(* For each integer $t\ge0$ and each even integer $n\ge4$, there exists a binary even-like Euclidean self-orthogonal $[2^{t+1}n,\,n+t,\,2^{t+2}]_2$ code.
   Context: A binary code is even-like if every codeword has even Hamming weight. A code $\mathcal{C}$ is Euclidean self-orthogonal if $\mathcal{C}\subseteq\mathcal{C}^{\perp_E}$, where $\perp_E$ is the dual under $\sum_ix_iy_i$. *)

theory Defs
  imports Main "HOL-Library.Z2"
begin

definition words :: "nat \<Rightarrow> bit list set" where
  "words N = {x. length x = N}"

definition zero_word :: "nat \<Rightarrow> bit list" where
  "zero_word N = replicate N 0"

definition word_add :: "bit list \<Rightarrow> bit list \<Rightarrow> bit list" where
  "word_add x y = map2 (+) x y"

definition word_smult :: "bit \<Rightarrow> bit list \<Rightarrow> bit list" where
  "word_smult a x = map ((*) a) x"

definition lincomb :: "nat \<Rightarrow> (nat \<Rightarrow> bit) \<Rightarrow> bit list list \<Rightarrow> bit list" where
  "lincomb N c vs = foldr word_add (map (\<lambda>i. word_smult (c i) (vs ! i)) [0..<length vs]) (zero_word N)"

definition lin_indep :: "nat \<Rightarrow> bit list list \<Rightarrow> bool" where
  "lin_indep N vs \<longleftrightarrow> (\<forall>c. lincomb N c vs = zero_word N \<longrightarrow> (\<forall>i<length vs. c i = 0))"

definition binary_linear_code :: "nat \<Rightarrow> nat \<Rightarrow> bit list set \<Rightarrow> bool" where
  "binary_linear_code N k C \<longleftrightarrow>
     (\<exists>vs. length vs = k \<and> set vs \<subseteq> words N \<and> lin_indep N vs \<and>
           C = {lincomb N c vs | c. True})"

definition hamming_weight :: "bit list \<Rightarrow> nat" where
  "hamming_weight x = card {i. i < length x \<and> x ! i \<noteq> 0}"

definition hamming_dist :: "bit list \<Rightarrow> bit list \<Rightarrow> nat" where
  "hamming_dist x y = card {i. i < length x \<and> x ! i \<noteq> y ! i}"

definition min_distance :: "bit list set \<Rightarrow> nat" where
  "min_distance C = Min {hamming_dist x y | x y. x \<in> C \<and> y \<in> C \<and> x \<noteq> y}"

definition even_like :: "bit list set \<Rightarrow> bool" where
  "even_like C \<longleftrightarrow> (\<forall>x\<in>C. even (hamming_weight x))"

definition euclid_inner :: "bit list \<Rightarrow> bit list \<Rightarrow> bit" where
  "euclid_inner x y = (\<Sum>i<length x. x ! i * y ! i)"

definition euclid_dual :: "nat \<Rightarrow> bit list set \<Rightarrow> bit list set" where
  "euclid_dual N C = {y \<in> words N. \<forall>x\<in>C. euclid_inner x y = 0}"

definition euclid_self_orthogonal :: "nat \<Rightarrow> bit list set \<Rightarrow> bool" where
  "euclid_self_orthogonal N C \<longleftrightarrow> C \<subseteq> euclid_dual N C"

end

theory Submission
  imports Defs
begin

(* The code consists of the words a \<otimes> 1 + 1 \<otimes> u: coordinates are pairs (j, x) with j < n and
   x \<in> GF(2)^(t+1), a ranges over the even-weight code of length n and u over the linear forms
   on GF(2)^(t+1), which gives dimension (n - 1) + (t + 1).
   A nonzero u takes the value 1 on exactly half of GF(2)^(t+1) (flipping a bit on which u depends
   is an involution exchanging its two level sets), so such codewords have weight n 2^t \<ge> 2^(t+2)
   as n \<ge> 4; for u = 0 the weight is 2^(t+1) wt(a) \<ge> 2^(t+2), with equality for wt(a) = 2.
   Summing blockwise, the inner product of two codewords is
   2^(t+1) a\<cdot>b + wt(a) \<Sigma>v + wt(b) \<Sigma>u + n u\<cdot>v, which vanishes mod 2 since 2^(t+1) and n are even
   and a, b have even weight. A self-orthogonal binary code is even-like because x\<cdot>x is the
   weight of x mod 2. *)

(* Z2 rewrites + and * on bit to XOR and AND; here we want plain field arithmetic. *)
declare add_bit_eq_xor [simp del] mult_bit_eq_and [simp del]

lemma of_nat_bit_eq_0_iff: "(of_nat k :: bit) = 0 \<longleftrightarrow> even k"
  by (induction k) auto

lemma bit_add_eq_0_iff: "(a :: bit) + b = 0 \<longleftrightarrow> a = b"
  by (cases a; cases b) auto

lemma bit_mult_self: "(a :: bit) * a = of_bool (a \<noteq> 0)"
  by (cases a) auto

lemma foldr_word_add_eq_map_sum:
  assumes "\<forall>k\<in>set xs. length (h k) = N"
  shows "foldr word_add (map h xs) (zero_word N) = map (\<lambda>p. \<Sum>k\<leftarrow>xs. h k ! p) [0..<N]"
  using assms
  by (induction xs) (auto simp: zero_word_def map_replicate_const word_add_def intro!: nth_equalityI)

lemma lincomb_eq_map_sum:
  assumes "set vs \<subseteq> words N"
  shows "lincomb N c vs = map (\<lambda>p. \<Sum>k<length vs. c k * vs ! k ! p) [0..<N]"
proof -
  have len: "length (vs ! k) = N" if "k < length vs" for k
    using assms nth_mem[OF that] by (auto simp: words_def)
  have "lincomb N c vs = map (\<lambda>p. \<Sum>k\<leftarrow>[0..<length vs]. word_smult (c k) (vs ! k) ! p) [0..<N]"
    unfolding lincomb_def map_map[symmetric]
    by (rule foldr_word_add_eq_map_sum) (simp add: word_smult_def len)
  also have "\<dots> = map (\<lambda>p. \<Sum>k<length vs. c k * vs ! k ! p) [0..<N]"
    by (auto simp: word_smult_def len interv_sum_list_conv_sum_set_nat atLeast0LessThan
      intro!: sum.cong)
  finally show ?thesis .
qed

lemma hamming_dist_map:
  "hamming_dist (map f [0..<N]) (map g [0..<N]) = card {p. p < N \<and> f p + g p \<noteq> (0 :: bit)}"
  unfolding hamming_dist_def by (auto simp: bit_add_eq_0_iff intro!: arg_cong[where f = card])

lemma euclid_inner_self: "euclid_inner x x = of_nat (hamming_weight x)"
proof -
  have "euclid_inner x x = (\<Sum>i<length x. of_bool (x ! i \<noteq> 0))"
    by (simp add: euclid_inner_def bit_mult_self)
  also have "\<dots> = of_nat (hamming_weight x)"
    by (simp add: hamming_weight_def Int_def)
  finally show ?thesis .
qed

lemma self_orthogonal_imp_even_like:
  assumes "euclid_self_orthogonal N C"
  shows "even_like C"
  unfolding even_like_def
proof
  fix x assume "x \<in> C"
  with assms have "euclid_inner x x = 0"
    by (auto simp: euclid_self_orthogonal_def euclid_dual_def)
  then show "even (hamming_weight x)"
    by (simp add: euclid_inner_self of_nat_bit_eq_0_iff)
qed

lemma min_distance_eqI:
  assumes "C \<subseteq> words N"
    and "\<And>x y. x \<in> C \<Longrightarrow> y \<in> C \<Longrightarrow> x \<noteq> y \<Longrightarrow> d \<le> hamming_dist x y"
    and "x \<in> C" "y \<in> C" "x \<noteq> y" "hamming_dist x y = d"
  shows "min_distance C = d"
proof -
  define D where "D = {hamming_dist x y | x y. x \<in> C \<and> y \<in> C \<and> x \<noteq> y}"
  have "hamming_dist x y \<le> N" if "x \<in> words N" for x y
    using that card_mono[of "{..<N}" "{i. i < length x \<and> x ! i \<noteq> y ! i}"]
    by (auto simp: hamming_dist_def words_def)
  then have "D \<subseteq> {..N}"
    using assms(1) by (auto simp: D_def)
  then have "finite D"
    by (rule finite_subset) simp
  moreover have "d \<in> D"
    using assms(3-6) unfolding D_def by blast
  ultimately have "Min D = d"
    using assms(2) by (intro Min_eqI) (auto simp: D_def)
  then show ?thesis
    by (simp add: min_distance_def D_def)
qed

lemma card_half_if_involution_flips:
  fixes f :: "'a \<Rightarrow> bit"
  assumes "finite A"
    and "\<And>x. x \<in> A \<Longrightarrow> \<phi> x \<in> A" "\<And>x. x \<in> A \<Longrightarrow> \<phi> (\<phi> x) = x"
    and "\<And>x. x \<in> A \<Longrightarrow> f (\<phi> x) = f x + 1"
  shows "2 * card {x \<in> A. f x \<noteq> 0} = card A"
proof -
  let ?S = "{x \<in> A. f x \<noteq> 0}" and ?Z = "{x \<in> A. f x = 0}"
  have "bij_betw \<phi> ?S ?Z"
    by (rule bij_betw_byWitness[where f' = \<phi>]) (use assms(2-4) in \<open>auto simp: bit_add_eq_0_iff\<close>)
  then have "card ?S = card ?Z"
    by (rule bij_betw_same_card)
  moreover have "card A = card (?S \<union> ?Z)"
    by (rule arg_cong[where f = card]) auto
  moreover have "card (?S \<union> ?Z) = card ?S + card ?Z"
    by (rule card_Un_disjoint) (use assms(1) in auto)
  ultimately show ?thesis
    by simp
qed

lemma sum_lessThan_mult_eq_sum_blocks:
  fixes n m :: nat
  shows "(\<Sum>p<n * m. g p) = (\<Sum>j<n. \<Sum>x<m. g (j * m + x))"
proof -
  have "(\<Sum>p<n * m. g p) = (\<Sum>j<n. \<Sum>p\<in>{j * m..<j * m + m}. g p)"
    by (rule sum.nat_group[symmetric])
  also have "\<dots> = (\<Sum>j<n. \<Sum>x<m. g (j * m + x))"
    using sum.atLeastLessThan_shift_bounds[of g 0 "_ * m" m]
    by (simp add: atLeast0LessThan add.commute comp_def)
  finally show ?thesis .
qed

lemma card_lessThan_mult_eq_sum_blocks:
  fixes n m :: nat
  shows "card {p. p < n * m \<and> P p} = (\<Sum>j<n. card {x. x < m \<and> P (j * m + x)})"
proof -
  have card_eq_sum: "card {p. p < k \<and> Q p} = (\<Sum>p<k. of_bool (Q p))" for k :: nat and Q
    by (simp add: Int_def conj_commute)
  show ?thesis
    unfolding card_eq_sum by (rule sum_lessThan_mult_eq_sum_blocks)
qed

definition kronecker_sum :: "nat \<Rightarrow> (nat \<Rightarrow> 'a::plus) \<Rightarrow> (nat \<Rightarrow> 'a) \<Rightarrow> nat \<Rightarrow> 'a" where
  "kronecker_sum m a u p = a (p div m) + u (p mod m)"

lemma kronecker_sum_block: "x < m \<Longrightarrow> kronecker_sum m a u (j * m + x) = a j + u x"
  by (simp add: kronecker_sum_def)

lemma card_support_kronecker_sum:
  "card {p. p < n * m \<and> kronecker_sum m a u p \<noteq> 0} = (\<Sum>j<n. card {x. x < m \<and> a j + u x \<noteq> 0})"
  unfolding card_lessThan_mult_eq_sum_blocks
  by (intro sum.cong refl arg_cong[where f = card]) (auto simp: kronecker_sum_block)

lemma sum_kronecker_sum_mult:
  fixes a b u v :: "nat \<Rightarrow> 'a::comm_semiring_1"
  shows "(\<Sum>p<n * m. kronecker_sum m a u p * kronecker_sum m b v p) =
    of_nat m * (\<Sum>j<n. a j * b j) + (\<Sum>j<n. a j) * (\<Sum>x<m. v x)
      + (\<Sum>j<n. b j) * (\<Sum>x<m. u x) + of_nat n * (\<Sum>x<m. u x * v x)"
proof -
  have "(\<Sum>p<n * m. kronecker_sum m a u p * kronecker_sum m b v p) =
      (\<Sum>j<n. \<Sum>x<m. a j * b j + a j * v x + b j * u x + u x * v x)"
    unfolding sum_lessThan_mult_eq_sum_blocks
  proof (intro sum.cong refl)
    fix j x assume "x \<in> {..<m}"
    then have "x < m" by simp
    then show "kronecker_sum m a u (j * m + x) * kronecker_sum m b v (j * m + x) =
        a j * b j + a j * v x + b j * u x + u x * v x"
      unfolding kronecker_sum_block[OF \<open>x < m\<close>] by (simp add: algebra_simps)
  qed
  also have "\<dots> = (\<Sum>j<n. of_nat m * (a j * b j) + a j * (\<Sum>x<m. v x)
      + b j * (\<Sum>x<m. u x) + (\<Sum>x<m. u x * v x))"
    by (simp add: sum.distrib sum_distrib_left)
  also have "\<dots> = of_nat m * (\<Sum>j<n. a j * b j) + (\<Sum>j<n. a j) * (\<Sum>x<m. v x)
      + (\<Sum>j<n. b j) * (\<Sum>x<m. u x) + of_nat n * (\<Sum>x<m. u x * v x)"
    by (simp only: sum.distrib sum_distrib_left[symmetric] sum_distrib_right[symmetric]
        sum_constant card_lessThan)
  finally show ?thesis .
qed

lemma sum_bit_eq_of_nat_card:
  fixes f :: "'a \<Rightarrow> bit"
  assumes "finite A"
  shows "(\<Sum>x\<in>A. f x) = of_nat (card {x \<in> A. f x \<noteq> 0})"
proof -
  have "(\<Sum>x\<in>A. f x) = (\<Sum>x\<in>A. of_bool (f x \<noteq> 0))"
    by (intro sum.cong refl) (cases "f x"; simp)
  with assms show ?thesis
    by (simp add: Int_def)
qed

definition linear_form :: "nat \<Rightarrow> (nat \<Rightarrow> bit) \<Rightarrow> nat \<Rightarrow> bit" where
  "linear_form r a x = (\<Sum>i<r. a i * of_bool (bit x i))"

lemma linear_form_0 [simp]: "linear_form r a 0 = 0"
  by (simp add: linear_form_def)

lemma linear_form_eq_0: "(\<And>i. i < r \<Longrightarrow> a i = 0) \<Longrightarrow> linear_form r a x = 0"
  by (simp add: linear_form_def)

lemma linear_form_add: "linear_form r (\<lambda>i. a i + b i) x = linear_form r a x + linear_form r b x"
  by (simp add: linear_form_def sum.distrib distrib_right)

lemma linear_form_exp: "i < r \<Longrightarrow> linear_form r a (2 ^ i) = a i"
  by (simp add: linear_form_def bit_exp_iff if_distrib cong: if_cong)

lemma linear_form_flip_bit:
  assumes "i < r"
  shows "linear_form r a (flip_bit i x) = linear_form r a x + a i"
proof -
  have "linear_form r a (flip_bit i x) = (\<Sum>k<r. a k * of_bool (bit x k) + (if k = i then a k else 0))"
    unfolding linear_form_def
    by (intro sum.cong refl) (cases "k = i"; cases "bit x k"; simp add: bit_flip_bit_iff)
  with assms show ?thesis
    by (simp add: sum.distrib linear_form_def)
qed

lemma flip_bit_less_exp:
  fixes x :: nat
  assumes "i < r" "x < 2 ^ r"
  shows "flip_bit i x < 2 ^ r"
proof -
  have "take_bit r (flip_bit i x) = flip_bit i x"
    using assms by (simp add: take_bit_flip_bit_eq take_bit_nat_eq_self)
  then show ?thesis
    by (simp add: take_bit_nat_eq_self_iff)
qed
(* A k-set S with k \<ge> 2 can be toured once around the cycle, or by running from one end of
   the shortest arc containing S to the other and back.  Conversely, a closed walk of length
   l < n misses some edge, so it lives on a path and covers an arc of length at most l/2.
   Hence tsp(S) = min(n, 2 L(S)) with L(S) the length of the shortest arc containing S,
   which gives n \<le> tsp(S) + 2 #{L < ceil(n/2). S lies in an arc of length L} \<le> n + 1.
   For 2L < n a k-set in an arc of length L has a unique first point, so there are
   n C(L, k-1) such sets, and summing over L yields n C(ceil(n/2), k).  Therefore
   mu/n = 1 - 2 C(ceil(n/2), k) / C(n, k) + O(1/n), which tends to 1 - 2 * 2^-k. *)

definition cw_dist :: "nat \<Rightarrow> nat \<Rightarrow> nat \<Rightarrow> nat" where
  "cw_dist n a v = (if a \<le> v then v - a else v + n - a)"

lemma cw_dist_self [simp]: "cw_dist n a a = 0"
  unfolding cw_dist_def by simp

lemma cw_dist_add_swap: "a < n \<Longrightarrow> v < n \<Longrightarrow> a \<noteq> v \<Longrightarrow> cw_dist n a v + cw_dist n v a = n"
  unfolding cw_dist_def by auto

lemma cw_dist_eq_diff:
  "c < n \<Longrightarrow> a < n \<Longrightarrow> v < n \<Longrightarrow> cw_dist n c a \<le> cw_dist n c v \<Longrightarrow>
    cw_dist n a v = cw_dist n c v - cw_dist n c a"
  unfolding cw_dist_def by (auto split: if_splits)

lemma add_cw_dist_mod: "a < n \<Longrightarrow> v < n \<Longrightarrow> (a + cw_dist n a v) mod n = v"
  unfolding cw_dist_def by (auto simp: le_mod_geq)

lemma cw_dist_add_mod: "a < n \<Longrightarrow> t < n \<Longrightarrow> cw_dist n a ((a + t) mod n) = t"
  unfolding cw_dist_def by (cases "a + t < n") (auto simp: le_mod_geq)

lemma cw_dist_step:
  "c < n \<Longrightarrow> u < n \<Longrightarrow> (u + 1) mod n = v \<Longrightarrow> u \<noteq> c \<Longrightarrow>
    cw_dist n (Suc c mod n) v = Suc (cw_dist n (Suc c mod n) u)"
  unfolding cw_dist_def by (auto simp: mod_Suc split: if_splits)

lemma cycle_adj_commute: "cycle_adj n u v \<longleftrightarrow> cycle_adj n v u"
  unfolding cycle_adj_def by auto

lemma cycle_adj_mod_Suc:
  assumes "n \<ge> 2"
  shows "cycle_adj n (x mod n) (Suc x mod n)"
  using assms unfolding cycle_adj_def by (auto simp: mod_Suc intro: Suc_lessI)

lemma closed_walk_of_unit_steps:
  fixes g :: "nat \<Rightarrow> nat"
  assumes "n \<ge> 2"
    and steps: "\<And>i. i < l \<Longrightarrow> g (Suc i) = Suc (g i) \<or> g i = Suc (g (Suc i))"
    and closed: "(a + g 0) mod n = (a + g l) mod n"
  obtains w where "closed_walk (cycle_adj n) w" "set w = (\<lambda>i. (a + g i) mod n) ` {..l}"
    "walk_length w = l"
proof
  let ?w = "map (\<lambda>i. (a + g i) mod n) [0..<Suc l]"
  show "set ?w = (\<lambda>i. (a + g i) mod n) ` {..l}"
    by (simp only: set_map set_upt atLeast0LessThan lessThan_Suc_atMost)
  show "walk_length ?w = l"
    unfolding walk_length_def by simp
  have "cycle_adj n (?w ! i) (?w ! Suc i)" if "i < l" for i
  proof -
    have "?w ! i = (a + g i) mod n" "?w ! Suc i = (a + g (Suc i)) mod n"
      using that by (simp_all del: upt_Suc)
    then show ?thesis
      using steps[OF that] cycle_adj_mod_Suc[OF \<open>n \<ge> 2\<close>, of "a + _"] cycle_adj_commute
      by (metis add_Suc_right)
  qed
  moreover have "hd ?w = last ?w"
    using closed by (simp add: hd_map last_map hd_upt last_upt del: upt_Suc)
  ultimately show "closed_walk (cycle_adj n) ?w"
    unfolding closed_walk_def by simp
qed

lemma tsp_le_walk_length: "closed_walk E w \<Longrightarrow> S \<subseteq> set w \<Longrightarrow> tsp E S \<le> walk_length w"
  unfolding tsp_def by (rule Least_le) blast

lemma tsp_attained:
  assumes "closed_walk E w0" "S \<subseteq> set w0"
  obtains w where "closed_walk E w" "S \<subseteq> set w" "walk_length w = tsp E S"
proof -
  have "\<exists>w. closed_walk E w \<and> S \<subseteq> set w \<and> walk_length w = tsp E S"
    unfolding tsp_def by (rule LeastI_ex) (use assms in blast)
  with that show ?thesis by blast
qed

lemma cycle_has_spanning_walk:
  assumes "n \<ge> 2"
  obtains w where "closed_walk (cycle_adj n) w" "{..<n} \<subseteq> set w" "walk_length w = n"
proof -
  obtain w where w: "closed_walk (cycle_adj n) w" "set w = (\<lambda>i. (0 + id i) mod n) ` {..n}"
    "walk_length w = n"
    by (rule closed_walk_of_unit_steps[OF assms, of n id 0]) auto
  have "x \<in> (\<lambda>i. (0 + id i) mod n) ` {..n}" if "x < n" for x
    using that by (intro image_eqI[of _ _ x]) auto
  with w show ?thesis by (intro that[of w]) auto
qed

▬▬▬▬▬▬

[REQUIRED WORK]
The expected output is each line of the records above that includes the word "refl".

[RESULT FOR THIS TASK]
  by (intro sum.cong refl arg_cong[where f = card]) (auto simp: kronecker_sum_block)
  proof (intro sum.cong refl)
    by (intro sum.cong refl) (cases "f x"; simp)
    by (intro sum.cong refl) (cases "k = i"; cases "bit x k"; simp add: bit_flip_bit_iff)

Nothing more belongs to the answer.